Ein Scheren von Kaninchen sollte unter Anästhesie vorgenommen werden, um
Stress zu vermeiden und um die dünne Haut nicht zu
verletzen. Fellausreißen kommt bei Kaninchen vor, wenn ein dominantes
Tier Haare von einem untergeordneten Tier auszupft. Kaninchen rupfen sich in
der späten Schwangerschaft oder während der Scheinschwangerschaft
Haare aus, um ein Nest auszupolstern, oder wenn sie nur faserarmes Futter
erhalten, gelangweilt oder gestresst sind. Sich selbst das Fell
auszureißen, kann auch stressbegleitetes Trennungsverhalten anzeigen.
Vermehrte Gaben von Grasheu und Grünfutter, Zugang zu Spielzeug, Abbau
von Überbesatz, wechselnde Lichtzyklen und Lichtintensität und
vermehrte Bewegung können helfen, dieses Verhalten
einzudämmen. Einfach herauszuziehende Haare, fettiges Fell,
Haarausfall, Juckreiz und ein struppiges Fell sind Anzeichen für
Parasitenbefall wie z.B. Milben. Kaninchen benutzen ihre Hinterläufe,
um Ohrenschmalz aus den Ohren zu entfernen, das sie dann auffressen.

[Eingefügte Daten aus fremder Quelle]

lemma transfer_op_diff_le:
  fixes T0 T1 T0' T1' g :: "real \<Rightarrow> real"
  assumes bij: "bij_betw \<sigma> {y\<in>M. T0 y = x} {y\<in>M. T1 y = x}"
    and pair: "\<And>y. y \<in> M \<Longrightarrow> T0 y = x \<Longrightarrow>
                 \<bar>\<sigma> y - y\<bar> \<le> \<delta> \<and> \<bar>T0' (\<sigma> y) - T0' y\<bar> \<le> L * \<bar>\<sigma> y - y\<bar>"
    and deriv_close: "\<And>z. z \<in> M \<Longrightarrow> \<bar>T1' z - T0' z\<bar> \<le> \<delta>"
    and expand: "0 < \<gamma>" "\<And>y. y \<in> M \<Longrightarrow> \<gamma> \<le> \<bar>T0' y\<bar> \<and> \<gamma> \<le> \<bar>T1' y\<bar>"
    and g: "\<And>u v. u \<in> M \<Longrightarrow> v \<in> M \<Longrightarrow> \<bar>g u - g v\<bar> \<le> G1 * \<bar>u - v\<bar>"
      "\<And>y. y \<in> M \<Longrightarrow> \<bar>g y\<bar> \<le> G0"
    and E: "transfer_op M T1 T1' (\<lambda>_. 1) x \<le> E"
    and nonneg: "0 \<le> \<delta>" "0 \<le> L" "0 \<le> G0" "0 \<le> G1"
  shows "\<bar>transfer_op M T1 T1' g x - transfer_op M T0 T0' g x\<bar> \<le> E * (\<delta> * (G1 + G0 * (L + 1) / \<gamma>))"
  unfolding transfer_op_def
proof (rule sum_bij_betw_diff_le[OF bij])
  show "(\<Sum>z\<in>{y\<in>M. T1 y = x}. 1 / \<bar>T1' z\<bar>) \<le> E" using E unfolding transfer_op_def .
  show "0 \<le> \<delta> * (G1 + G0 * (L + 1) / \<gamma>)" using nonneg expand(1) by simp
  fix y assume "y \<in> {y\<in>M. T0 y = x}"
  then have y: "y \<in> M" "T0 y = x" and z: "\<sigma> y \<in> M"
    using bij_betwE[OF bij] by auto
  have close: "\<bar>\<sigma> y - y\<bar> \<le> \<delta>" and lip: "\<bar>T0' (\<sigma> y) - T0' y\<bar> \<le> L * \<bar>\<sigma> y - y\<bar>"
    using pair[OF y] by auto
  have "\<bar>g (\<sigma> y) - g y\<bar> \<le> G1 * \<delta>"
    using g(1)[OF z y(1)] close nonneg(4) by (meson mult_left_mono order_trans)
  moreover have "\<bar>\<bar>T1' (\<sigma> y)\<bar> - \<bar>T0' y\<bar>\<bar> \<le> (L + 1) * \<delta>"
  proof -
    have "L * \<bar>\<sigma> y - y\<bar> \<le> L * \<delta>" using close nonneg(2) by (rule mult_left_mono)
    then show ?thesis using lip deriv_close[OF z] by (simp add: algebra_simps)
  qed
  ultimately show "\<bar>g (\<sigma> y) / \<bar>T1' (\<sigma> y)\<bar> - g y / \<bar>T0' y\<bar>\<bar>
      \<le> 1 / \<bar>T1' (\<sigma> y)\<bar> * (\<delta> * (G1 + G0 * (L + 1) / \<gamma>))"
    using expand g(2)[OF y(1)] nonneg y z
    by (intro divide_diff_divide_le[where D = "L + 1"]) (auto simp: abs_minus_commute)
qed

lemma transfer_op_glued_perturbation_le:
  fixes circ :: bool and a b :: real and N :: nat and c :: "nat \<Rightarrow> real"
    and F0 F0' F0'' F1 F1' F1'' :: "nat \<Rightarrow> real \<Rightarrow> real"
  defines "M \<equiv> Mset circ a b"
    and "T0 \<equiv> \<lambda>y. projM circ (glue N c F0 y)" and "T1 \<equiv> \<lambda>y. projM circ (glue N c F1 y)"
    and "T0' \<equiv> glue N c F0'" and "T1' \<equiv> glue N c F1'" and "T0'' \<equiv> glue N c F0''"
  assumes ab: "a < b" "circ \<Longrightarrow> a = 0 \<and> b = 1"
    and p: "partition_of N c a b"
    and C2: "branches_C2 N c F0 F0' F0''" "branches_C2 N c F1 F1' F1''"
    and maps: "\<forall>y\<in>M. T0 y \<in> M \<and> T1 y \<in> M"
    and expand: "0 < \<gamma>" "\<forall>y\<in>M. \<gamma> \<le> \<bar>T0' y\<bar> \<and> \<gamma> \<le> \<bar>T1' y\<bar>"
    and E: "supM M (transfer_op M T1 T1' (\<lambda>_. 1)) \<le> E"
    and close: "dC1 circ M T1 T1' T0 T0' \<le> q * \<bar>e\<bar>"
    and pairing: "\<forall>x\<in>M. \<exists>\<sigma>. bij_betw \<sigma> {y\<in>M. T0 y = x} {y\<in>M. T1 y = x} \<and>
                   (\<forall>y\<in>M. T0 y = x \<longrightarrow> bidx N c (\<sigma> y) = bidx N c y \<and> \<bar>\<sigma> y - y\<bar> \<le> q * \<bar>e\<bar>)"
    and g: "C1_fun circ a b g g'"
  shows "supM M (\<lambda>x. transfer_op M T1 T1' g x - transfer_op M T0 T0' g x)
           \<le> \<bar>e\<bar> * (E * q * (1 + 1 / \<gamma> + 1 / \<gamma> * supM M T0'')) * C1_norm M g g'"
proof -
  have Mab: "{a..<b} \<subseteq> M" "M \<subseteq> {a..b}" "convex M" "M \<noteq> {}"
    using ab unfolding M_def Mset_def by auto
  have bnd: "bounded (T0' ` M)" "bounded (T1' ` M)" "bounded (T0'' ` M)"
    unfolding T0'_def T1'_def T0''_def using glue_bounded[OF p Mab(2)]
      branches_C2_continuous[OF C2(1)] branches_C2_continuous[OF C2(2)] by blast+
  have bnd_one: "bounded (transfer_op M T1 T1' (\<lambda>_. 1) ` M)"
    using glue_transfer_op_one_bounded[OF p Mab(1,2) C2(2) expand(1)] expand(2)
    unfolding T1_def T1'_def by blast
  have E_ge: "transfer_op M T1 T1' (\<lambda>_. 1) x \<le> E" if "x \<in> M" for x
    using abs_le_supM[OF bnd_one that] E by linarith
  have E0: "0 \<le> E" using supM_nonneg[OF bnd_one Mab(4)] E by linarith
  have "T1 ` M \<subseteq> {a..b}" "T0 ` M \<subseteq> {a..b}" using maps Mab(2) by auto
  then have deriv_close: "\<bar>T1' z - T0' z\<bar> \<le> q * \<bar>e\<bar>" if "z \<in> M" for z
    using order_trans[OF dC1_deriv_diff_le[OF bnd(2,1) _ _ that] close] by blast
  obtain m where "m \<in> M" using Mab(4) by blast
  then have \<delta>0: "0 \<le> q * \<bar>e\<bar>" using order_trans[OF abs_ge_zero deriv_close] by blast
  define G0 G1 L where "G0 = supM M g" and "G1 = supM M g'" and "L = supM M T0''"
  have nonneg: "0 \<le> G0" "0 \<le> G1" "0 \<le> L"
    unfolding G0_def G1_def L_def
    by (intro supM_nonneg C1_fun_bounded[OF g Mab(2)] bnd(3) Mab(4))+
  have pointwise: "\<bar>transfer_op M T1 T1' g x - transfer_op M T0 T0' g x\<bar>
      \<le> E * (q * \<bar>e\<bar> * (G1 + G0 * (L + 1) / \<gamma>))" if x: "x \<in> M" for x
  proof -
    obtain \<sigma> where "bij_betw \<sigma> {y\<in>M. T0 y = x} {y\<in>M. T1 y = x}"
      and "\<forall>y\<in>M. T0 y = x \<longrightarrow> bidx N c (\<sigma> y) = bidx N c y \<and> \<bar>\<sigma> y - y\<bar> \<le> q * \<bar>e\<bar>"
      using bspec[OF pairing x] by blast
    then show ?thesis
      using glue_deriv_lipschitz_on_branch[OF p Mab(2,3) C2(1)] expand deriv_close E_ge[OF x]
        nonneg \<delta>0 C1_fun_lipschitz[OF g Mab(2,3)] abs_le_supM[OF C1_fun_bounded(1)[OF g Mab(2)]]
      unfolding G0_def G1_def L_def T0'_def T0''_def
      by (intro transfer_op_diff_le) (auto dest: bij_betwE)
  qed
  then show ?thesis
    using perturbation_constant_le[OF E0 \<delta>0 expand(1) nonneg]
    unfolding C1_norm_def G0_def G1_def L_def
    by (intro supM_le[OF Mab(4)]) (meson order_trans)
qed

Ohrenschmalzbildung in einem oder beiden Ohren kann ein Krankheitsgeschehen
anzeigen, welches die Beweglichkeit der Hinterläufe einschränkt. Die
Inguinaldrüsen können ungereinigt sein, wenn ein Tier zu dick ist,
oder wenn es eine Wirbelsäulen- oder Beckenerkrankung wie Arthritis oder
Zwischenwirbelentzündung hat. Kaninchen besitzen unter den Füssen ein
dickes Fellpolster, welches Haut und Knochen darunter schützt. Wenn die
Dichtigkeit dieses Kissens durch Feuchtigkeit, Verfilzung oder Scheren
gestört ist, führen Drucknekrosen zu
Fußsohlenentzündungen. Krallen sollten alle 2 bis 3 Wochen, oder
wenn sie zu lang sind, geschnitten werden. Zu lange Krallen verfangen sich in
Käfiggittern, Teppichen oder anderen Materialien und werden dabei
abgerissen. Das kann zu starken Blutungen führen. Kaninchen sind sehr
empfindlich bei Druck auf die Krallen. Daher sollte ein
Krallenschneidegerät erst vorsichtig angesetzt werden. Wenn das Kaninchen
dann das Bein wegzieht, ist das Schneidewerkzeug zu hoch angesetzt und sollte
neu positioniert werden.
KANINCHEN
in AUSSENHALTUNG
Viele Leute halten Kaninchen immer noch in
Ställen im Freien. Das ist nicht ideal, da es den Sozialkontakt zu
Artgenossen oder Menschen einschränkt. Viele solcher Ställe bieten
den Tieren nicht genug Platz, um sich zu bewegen und sich auf den
Hinterläufen aufzurichten. Es ist auch schwieriger, einen Käfig zu
bekommen, der sicher und bequem für die Kaninchen ist, und der sie vor
Beutetieren wie anderen Haustieren oder Wildtieren sicher schützt.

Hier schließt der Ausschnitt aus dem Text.